Меня всегда пугало, когда отец так расходился, как в тот раз. В таких случаях человек и дело, казалось, сливались воедино в его глазах, а ведь мы сидели за праздничным столом у самого любезного в мире хозяина. Но на сей раз опасность миновала. Отец не вышел за пределы вежливости, и доброе настроение хозяина осталось непоколебленным. Наутро многие из друзей проводили нас на «Веслемей» до выхода из фьорда, а назад вернулись на большом катере Миккельсена. Сам он, огромный и добродушный, махал нам на прощанье с вершины холма.

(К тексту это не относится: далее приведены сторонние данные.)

lemma equidistant_row_sum:
  fixes k :: "'a \<Rightarrow> 'a \<Rightarrow> real"
  assumes fin: "finite A" and a: "a \<in> A"
    and k: "\<And>b. b \<in> A \<Longrightarrow> k a b = (if a = b then 1 else c)"
  shows "(\<Sum>b\<in>A. k a b * v b) = (1 - c) * v a + c * sum v A"
proof -
  have "(\<Sum>b\<in>A. k a b * v b) = (\<Sum>b\<in>A. c * v b + (if b = a then (1 - c) * v b else 0))"
    using k by (intro sum.cong) (auto simp: algebra_simps)
  also have "\<dots> = c * sum v A + (1 - c) * v a"
    using fin a by (simp add: sum.distrib sum_distrib_left)
  finally show ?thesis by (simp add: algebra_simps)
qed

lemma equidistant_weighting:
  fixes k :: "'a \<Rightarrow> 'a \<Rightarrow> real"
  assumes fin: "finite A"
    and k: "\<And>a b. a \<in> A \<Longrightarrow> b \<in> A \<Longrightarrow> k a b = (if a = b then 1 else c)"
    and c: "c \<noteq> 1" "1 + (real (card A) - 1) * c \<noteq> 0"
  shows "nondegenerate_on k A" "is_weighting k A (\<lambda>_. 1 / (1 + (real (card A) - 1) * c))"
proof -
  have row: "(\<Sum>b\<in>A. k a b * v b) = (1 - c) * v a + c * sum v A" if "a \<in> A" for a v
    by (rule equidistant_row_sum[OF fin that]) (rule k[OF that])
  show "nondegenerate_on k A"
    unfolding nondegenerate_on_def
  proof (intro allI impI)
    fix v assume "\<forall>a\<in>A. (\<Sum>b\<in>A. k a b * v b) = 0"
    then have v: "(1 - c) * v a = - c * sum v A" if "a \<in> A" for a
      using row that by force
    have "(1 - c) * sum v A = (\<Sum>a\<in>A. (1 - c) * v a)"
      by (simp add: sum_distrib_left)
    also have "\<dots> = (\<Sum>a\<in>A. - c * sum v A)"
      using v by (rule sum.cong[OF refl])
    also have "\<dots> = - c * card A * sum v A"
      by (simp only: sum_constant) (simp add: mult_ac)
    finally have "(1 + (real (card A) - 1) * c) * sum v A = 0"
      by (simp add: algebra_simps)
    then show "\<forall>a\<in>A. v a = 0"
      using v c by simp
  qed
  show "is_weighting k A (\<lambda>_. 1 / (1 + (real (card A) - 1) * c))"
    unfolding is_weighting_def
  proof
    fix a assume a: "a \<in> A"
    define w where "w = 1 / (1 + (real (card A) - 1) * c)"
    have "(\<Sum>b\<in>A. k a b * w) = (1 + (real (card A) - 1) * c) * w"
      using row[OF a, of "\<lambda>_. w"] by (simp add: algebra_simps)
    then show "(\<Sum>b\<in>A. k a b * (1 / (1 + (real (card A) - 1) * c))) = 1"
      using c(2) by (simp add: w_def)
  qed
qed

context
  fixes k :: "'a \<Rightarrow> 'a \<Rightarrow> real" and p q r s :: 'a and y :: real
  assumes dist: "distinct [p, q, r, s]"
    and k: "\<And>a b. a \<in> {p, q, r, s} \<Longrightarrow> b \<in> {p, q, r, s} \<Longrightarrow>
      k a b = (if a = b then 1 else if {a, b} = {q, s} then y else 1 / 2)"
    and y: "0 \<le> y" "y < 1"
begin

lemma rhombus_row_sums:
  "(\<Sum>b\<in>{p, q, r, s}. k p b * v b) = v p + (v q + v r + v s) / 2"
  "(\<Sum>b\<in>{p, q, r, s}. k r b * v b) = v r + (v p + v q + v s) / 2"
  "(\<Sum>b\<in>{p, q, r, s}. k q b * v b) = v q + (v p + v r) / 2 + y * v s"
  "(\<Sum>b\<in>{p, q, r, s}. k s b * v b) = v s + (v p + v r) / 2 + y * v q"
proof -
  have ne: "p \<noteq> q" "p \<noteq> r" "p \<noteq> s" "q \<noteq> r" "q \<noteq> s" "r \<noteq> s"
    using dist by auto
  then show
    "(\<Sum>b\<in>{p, q, r, s}. k p b * v b) = v p + (v q + v r + v s) / 2"
    "(\<Sum>b\<in>{p, q, r, s}. k r b * v b) = v r + (v p + v q + v s) / 2"
    "(\<Sum>b\<in>{p, q, r, s}. k q b * v b) = v q + (v p + v r) / 2 + y * v s"
    "(\<Sum>b\<in>{p, q, r, s}. k s b * v b) = v s + (v p + v r) / 2 + y * v q"
    by (simp_all add: ne[symmetric] k doubleton_eq_iff algebra_simps)
qed

lemma rhombus_nondegenerate: "nondegenerate_on k {p, q, r, s}"
  unfolding nondegenerate_on_def
proof (intro allI impI)
  fix v assume "\<forall>a\<in>{p, q, r, s}. (\<Sum>b\<in>{p, q, r, s}. k a b * v b) = 0"
  then have eqs: "v p + (v q + v r + v s) / 2 = 0" "v r + (v p + v q + v s) / 2 = 0"
    "v q + (v p + v r) / 2 + y * v s = 0" "v s + (v p + v r) / 2 + y * v q = 0"
    by (simp_all add: rhombus_row_sums)
  have "v r - v p = 2 * (v r + (v p + v q + v s) / 2) - 2 * (v p + (v q + v r + v s) / 2)"
    by (simp add: field_simps)
  then have pr: "v r = v p"
    using eqs by simp
  have "(1 - y) * (v q - v s) = (v q + (v p + v r) / 2 + y * v s) - (v s + (v p + v r) / 2 + y * v q)"
    by (simp add: algebra_simps)
  then have qs: "v s = v q"
    using eqs y by simp
  have "(1 + 3 * y) * v q = 3 * (v q + (v p + v r) / 2 + y * v s) - 2 * (v p + (v q + v r + v s) / 2)"
    unfolding pr qs by (simp add: algebra_simps)
  then have "v q = 0"
    using eqs y by (simp add: add_nonneg_pos)
  then show "\<forall>a\<in>{p, q, r, s}. v a = 0"
    using eqs pr qs by auto
qed

lemma rhombus_weighting:
  "is_weighting k {p, q, r, s} (\<lambda>x. if x = q \<or> x = s then 1 / (1 + 3 * y) else 2 * y / (1 + 3 * y))"
proof -
  define w where "w = 1 / (1 + 3 * y)"
  define v where "v x = (if x = q \<or> x = s then 1 / (1 + 3 * y) else 2 * y / (1 + 3 * y))" for x
  have hw: "w + 3 * (y * w) = 1"
    using y by (simp add: w_def field_simps)
  have "v p = 2 * (y * w)" "v r = 2 * (y * w)" "v q = w" "v s = w"
    using dist by (auto simp: v_def w_def)
  then have "v p + (v q + v r + v s) / 2 = 1" "v r + (v p + v q + v s) / 2 = 1"
    "v q + (v p + v r) / 2 + y * v s = 1" "v s + (v p + v r) / 2 + y * v q = 1"
    using hw by (simp_all add: field_simps)
  then have "is_weighting k {p, q, r, s} v"
    unfolding is_weighting_def by (simp add: rhombus_row_sums)
  then show ?thesis
    by (simp add: v_def[abs_def])
qed

end

lemma Mag_equidistant:
  assumes "finite A" "\<And>a b. a \<in> A \<Longrightarrow> b \<in> A \<Longrightarrow> zeta_kernel t a b = (if a = b then 1 else c)"
    "c \<noteq> 1" "1 + (real (card A) - 1) * c \<noteq> 0"
  shows "Mag t A = card A / (1 + (real (card A) - 1) * c)"
  using Mag_eq_sum_weighting[OF assms(1) equidistant_weighting[OF assms]] by simp

definition plane_point :: "nat \<Rightarrow> real \<Rightarrow> real \<Rightarrow> real list" where
  "plane_point D x y = x # y # replicate (D - 2) 0"

lemma ldist_plane_point:
  "ldist (plane_point D x1 y1) (plane_point D x2 y2) = sqrt ((x1 - x2)\<^sup>2 + (y1 - y2)\<^sup>2)"
  unfolding ldist_def plane_point_def by (simp add: sum.lessThan_Suc_shift del: sum.lessThan_Suc)

lemma three_lt_two_powr_sqrt3: "3 < (2::real) powr sqrt 3"
proof -
  have "8 / 5 \<le> sqrt (3::real)"
    by (rule real_le_rsqrt) (simp add: power2_eq_square)
  then have le: "2 powr (8 / 5) \<le> (2::real) powr sqrt 3"
    by (rule powr_mono) simp
  have "(2 powr (8 / 5 :: real)) ^ 5 = (2::real) ^ 8"
    by (simp add: powr_realpow[symmetric] powr_powr)
  then have "3 ^ 5 < (2 powr (8 / 5 :: real)) ^ 5"
    by simp
  then have "3 < 2 powr (8 / 5 :: real)"
    by (rule power_less_imp_less_base) simp
  with le show ?thesis
    by linarith
qed

(* Two equilateral triangles pqr and prs of side ln 2 / t sharing the edge pr. *)
lemma rhombus_in_plane:
  assumes t: "t > 0" and D: "D \<ge> 2"
  obtains p q r s where "distinct [p, q, r, s]" "pts D {p, q, r, s}"
    "\<And>a b. a \<in> {p, q, r, s} \<Longrightarrow> b \<in> {p, q, r, s} \<Longrightarrow>
      zeta_kernel t a b = (if a = b then 1 else if {a, b} = {q, s} then 2 powr - sqrt 3 else 1 / 2)"
proof -
  define L where "L = ln 2 / t"
  have L: "L > 0" "t * L = ln 2"
    using t by (simp_all add: L_def)
  define p where "p = plane_point D 0 0"
  define r where "r = plane_point D L 0"
  define q where "q = plane_point D (L / 2) (sqrt 3 / 2 * L)"
  define s where "s = plane_point D (L / 2) (- sqrt 3 / 2 * L)"
  have dist: "distinct [p, q, r, s]"
    using L by (simp add: p_def q_def r_def s_def plane_point_def)
  have pts: "pts D {p, q, r, s}"
    using D by (simp add: pts_def p_def q_def r_def s_def plane_point_def)
  have side: "sqrt ((L / 2)\<^sup>2 + (sqrt 3 / 2 * L)\<^sup>2) = L"
    using L by (simp add: power_mult_distrib power_divide algebra_simps)
  have lengths: "ldist p q = L" "ldist p r = L" "ldist p s = L" "ldist q r = L" "ldist r s = L"
    "ldist q s = sqrt 3 * L" "ldist q p = L" "ldist r p = L" "ldist s p = L" "ldist r q = L"
    "ldist s r = L" "ldist s q = sqrt 3 * L" "ldist a a = 0" for a
    unfolding p_def q_def r_def s_def ldist_plane_point using L side
    by (simp_all add: power_mult_distrib power_divide real_sqrt_mult algebra_simps ldist_def)
  have half: "exp (- (t * L)) = 1 / 2" and far: "exp (- (t * (sqrt 3 * L))) = 2 powr - sqrt 3"
    using L by (simp_all add: exp_minus powr_def mult.left_commute)
  show thesis
  proof (rule that[OF dist pts])
    fix a b assume "a \<in> {p, q, r, s}" "b \<in> {p, q, r, s}"
    then show "zeta_kernel t a b = (if a = b then 1 else if {a, b} = {q, s} then 2 powr - sqrt 3 else 1 / 2)"
      using dist by (auto simp: zeta_kernel_def lengths half far doubleton_eq_iff)
  qed
qed
lemma transpose_one_minus_gram:
  fixes W :: "real mat"
  assumes "W \<in> carrier_mat n n"
  shows "transpose_mat (1\<^sub>m n - transpose_mat W * W) = 1\<^sub>m n - transpose_mat W * W"
  using assms by (intro eq_matI) (auto simp: comm_scalar_prod[of _ n])

text \<open>For normal \<open>W\<close>, \<open>|W u|\<^sup>2 = u \<bullet> W\<^sup>T W u\<close> and \<open>|W\<^sup>T W u| = |W W u|\<close>, so Cauchy-Schwarz makes
  the sequence \<open>|W\<^sup>k u|\<^sup>2\<close> log-convex.\<close>
lemma normal_mat_norm_sq_log_convex:
  fixes W :: "real mat"
  assumes W: "W \<in> carrier_mat n n" and normal: "W * transpose_mat W = transpose_mat W * W"
    and u: "u \<in> carrier_vec n"
  shows "((W *\<^sub>v u) \<bullet> (W *\<^sub>v u))\<^sup>2 \<le> (u \<bullet> u) * ((W *\<^sub>v (W *\<^sub>v u)) \<bullet> (W *\<^sub>v (W *\<^sub>v u)))"
proof -
  define z where "z = W *\<^sub>v u"
  define w where "w = transpose_mat W *\<^sub>v z"
  have z: "z \<in> carrier_vec n" and w: "w \<in> carrier_vec n" unfolding z_def w_def using W u by auto
  have "z \<bullet> z = u \<bullet> w"
    unfolding w_def z_def using transpose_vec_mult_scalar[OF W u, of "W *\<^sub>v u"] comm_scalar_prod[OF u] W u
    by (metis mult_mat_vec_carrier transpose_carrier_mat)
  moreover have "w \<bullet> w = (W *\<^sub>v z) \<bullet> (W *\<^sub>v z)"
  proof -
    have "w \<bullet> w = z \<bullet> (W *\<^sub>v w)"
      using transpose_vec_mult_scalar[OF W w z] unfolding w_def by simp
    also have "W *\<^sub>v w = transpose_mat W *\<^sub>v (W *\<^sub>v z)"
      unfolding w_def using W z normal by (metis assoc_mult_mat_vec transpose_carrier_mat)
    also have "z \<bullet> \<dots> = (W *\<^sub>v z) \<bullet> (W *\<^sub>v z)"
      using transpose_vec_mult_scalar[OF W z, of "W *\<^sub>v z"] comm_scalar_prod[OF z] W z
      by (metis mult_mat_vec_carrier transpose_carrier_mat)
    finally show ?thesis .
  qed
  ultimately show ?thesis using scalar_prod_Cauchy_Schwarz[OF u w] unfolding z_def by simp
qed

lemma log_convex_sequence_ge_first:
  fixes a :: "nat \<Rightarrow> real"
  assumes nonneg: "\<And>k. 0 \<le> a k" and log_convex: "\<And>k. (a (Suc k))\<^sup>2 \<le> a k * a (Suc (Suc k))"
    and pos: "0 < a 0" and start: "a 0 \<le> a 1"
  shows "a 0 \<le> a k"
proof -
  have "a 0 \<le> a k \<and> a k \<le> a (Suc k)" for k
  proof (induct k)
    case (Suc k)
    hence a_Suc: "0 < a (Suc k)" using pos by linarith
    have "a (Suc k) * a (Suc k) \<le> a k * a (Suc (Suc k))" using log_convex[of k] by (simp add: power2_eq_square)
    also have "\<dots> \<le> a (Suc k) * a (Suc (Suc k))" using Suc nonneg by (intro mult_right_mono) auto
    finally show ?case using Suc a_Suc by (simp add: mult_le_cancel_left_pos)
  qed (use start in simp)
  thus ?thesis by blast
qed
lemma binomial_sum_log_le:
  fixes k q L :: real and n m N :: nat
  defines "c \<equiv> 2 * (k * ln (real m) / real m)"
    and "r \<equiv> real n * real m powr - (2 * k * halfway_exponent q)"
  assumes m: "2 \<le> real m" and "0 < k" "c < 1" "0 < q" "q < 1" "0 < L" "L \<le> 1/2"
    and "real N \<le> L * n" "r \<le> 1/2"
  shows "(\<Sum>w\<in>{1..N}. real (n choose w) * (1 / 2 ^ m) * (1 + (1 - c) ^ w) ^ m)
    \<le> 2 * r + ((1 + q) / 2) ^ m * 2 powr (bin_entropy L * n)"
proof -
  have "exp (- c * halfway_exponent q * m) = real m powr - (2 * k * halfway_exponent q)"
    using m by (simp add: c_def powr_def)
  then show ?thesis
    using binomial_sum_le[of c q L N n m] assms by (simp add: r_def)
qed

lemma of_nat_nat_floor_le: "a \<le> b \<Longrightarrow> 0 \<le> b \<Longrightarrow> real (nat \<lfloor>a\<rfloor>) \<le> b"
  by (cases "a < 0") (auto intro: order_trans[OF of_int_floor_le])

text \<open>Take \<open>q = q\<^sub>0\<^sup>2\<close>, where \<open>q\<^sub>0 = 2 / (1 + \<delta>) - 1\<close> solves \<open>(1 + \<delta>)(1 + q\<^sub>0) = 2\<close>; then
  \<open>2 k s = k ln (2 / (1 + q)) / ln (1 / q\<^sub>0) > k ln (1 + \<delta>) / ln (1 / q\<^sub>0) > 1\<close>.\<close>

lemma exists_halfway_parameter:
  fixes \<delta> k :: real
  assumes "0 < \<delta>" "\<delta> < 1" "k > - ln (2 / (1 + \<delta>) - 1) / ln (1 + \<delta>)"
  shows "\<exists>q. 0 < q \<and> q < 1 \<and> (1 + \<delta>) * (1 + q) < 2 \<and> 2 * k * halfway_exponent q > 1"
proof (intro exI conjI)
  define q\<^sub>0 where "q\<^sub>0 = 2 / (1 + \<delta>) - 1"
  have q\<^sub>0: "0 < q\<^sub>0" "q\<^sub>0 < 1" "(1 + \<delta>) * (1 + q\<^sub>0) = 2"
    unfolding q\<^sub>0_def using assms(1,2) by (auto simp: field_simps)
  have "q\<^sub>0\<^sup>2 < q\<^sub>0"
    using mult_strict_left_mono[of q\<^sub>0 1 q\<^sub>0] q\<^sub>0 by (simp add: power2_eq_square)
  then have q: "0 < q\<^sub>0\<^sup>2" "q\<^sub>0\<^sup>2 < 1" "q\<^sub>0\<^sup>2 < q\<^sub>0"
    using q\<^sub>0 by auto
  then show "0 < q\<^sub>0\<^sup>2" "q\<^sub>0\<^sup>2 < 1" by simp_all
  show close: "(1 + \<delta>) * (1 + q\<^sub>0\<^sup>2) < 2"
    using q\<^sub>0(3) q(3) assms(1) by (smt (verit) mult_strict_left_mono)
  have ln_pos: "0 < ln (1 + \<delta>)" "0 < ln (1 / q\<^sub>0)" using assms(1) q\<^sub>0 by simp_all
  have "ln (1 / q\<^sub>0) / ln (1 + \<delta>) < k"
    using assms(3) q\<^sub>0(1) by (simp add: q\<^sub>0_def[symmetric] ln_div)
  then have "ln (1 / q\<^sub>0) < k * ln (1 + \<delta>)"
    using ln_pos by (simp add: pos_divide_less_eq)
  then have k: "0 < k" using ln_pos by (smt (verit) zero_less_mult_iff)
  have "1 + \<delta> < 2 / (1 + q\<^sub>0\<^sup>2)"
    using close by (simp add: pos_less_divide_eq add_pos_nonneg)
  then have "ln (1 + \<delta>) < ln (2 / (1 + q\<^sub>0\<^sup>2))"
    using assms(1) by (simp add: add_pos_nonneg)
  then have "ln (1 / q\<^sub>0) < k * ln (2 / (1 + q\<^sub>0\<^sup>2))"
    using \<open>ln (1 / q\<^sub>0) < k * ln (1 + \<delta>)\<close> k by (smt (verit) mult_strict_left_mono)
  moreover have "ln (1 / q\<^sub>0\<^sup>2) = 2 * ln (1 / q\<^sub>0)"
    using q\<^sub>0 by (simp add: ln_div ln_realpow)
  ultimately show "2 * k * halfway_exponent (q\<^sub>0\<^sup>2) > 1"
    using ln_pos by (simp add: halfway_exponent_def field_simps)
qed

Путь на север, к Хаммерфесту, занял две недели, и почти все время стояла ясная солнечная погода. Только лад заливом Хустадвик опустился туман, и какое-то время казалось, что дело примет скверный оборот. Волны бились со всех сторон, то и дело сбоку и спереди раздавались гудки пароходов, но разглядеть их было невозможно. Отец, стоявший за штурвалом, был сам не свой. Он был недоволен собой. Он и сам уже не знал как следует, где мы находимся. Коре и я не сознавали опасности, так нам было худо, но я как сейчас вижу бледное лицо отца и как он переводит озабоченный взгляд с карты на компас и с компаса на волны, заливающие палубу. Наконец нас услышали на пароходе, который едва не наскочил на нас. И тут, к своему изумлению, отец узнал, что мы вышли за маяк Квитхольм. Мы изменили курс и вскоре миновали опасные мели. А там не успели и глазом моргнуть, как выскочили из тумана. И команда, и отец вздохнули с облегчением, а мы с Коре стали постепенно приходить в себя.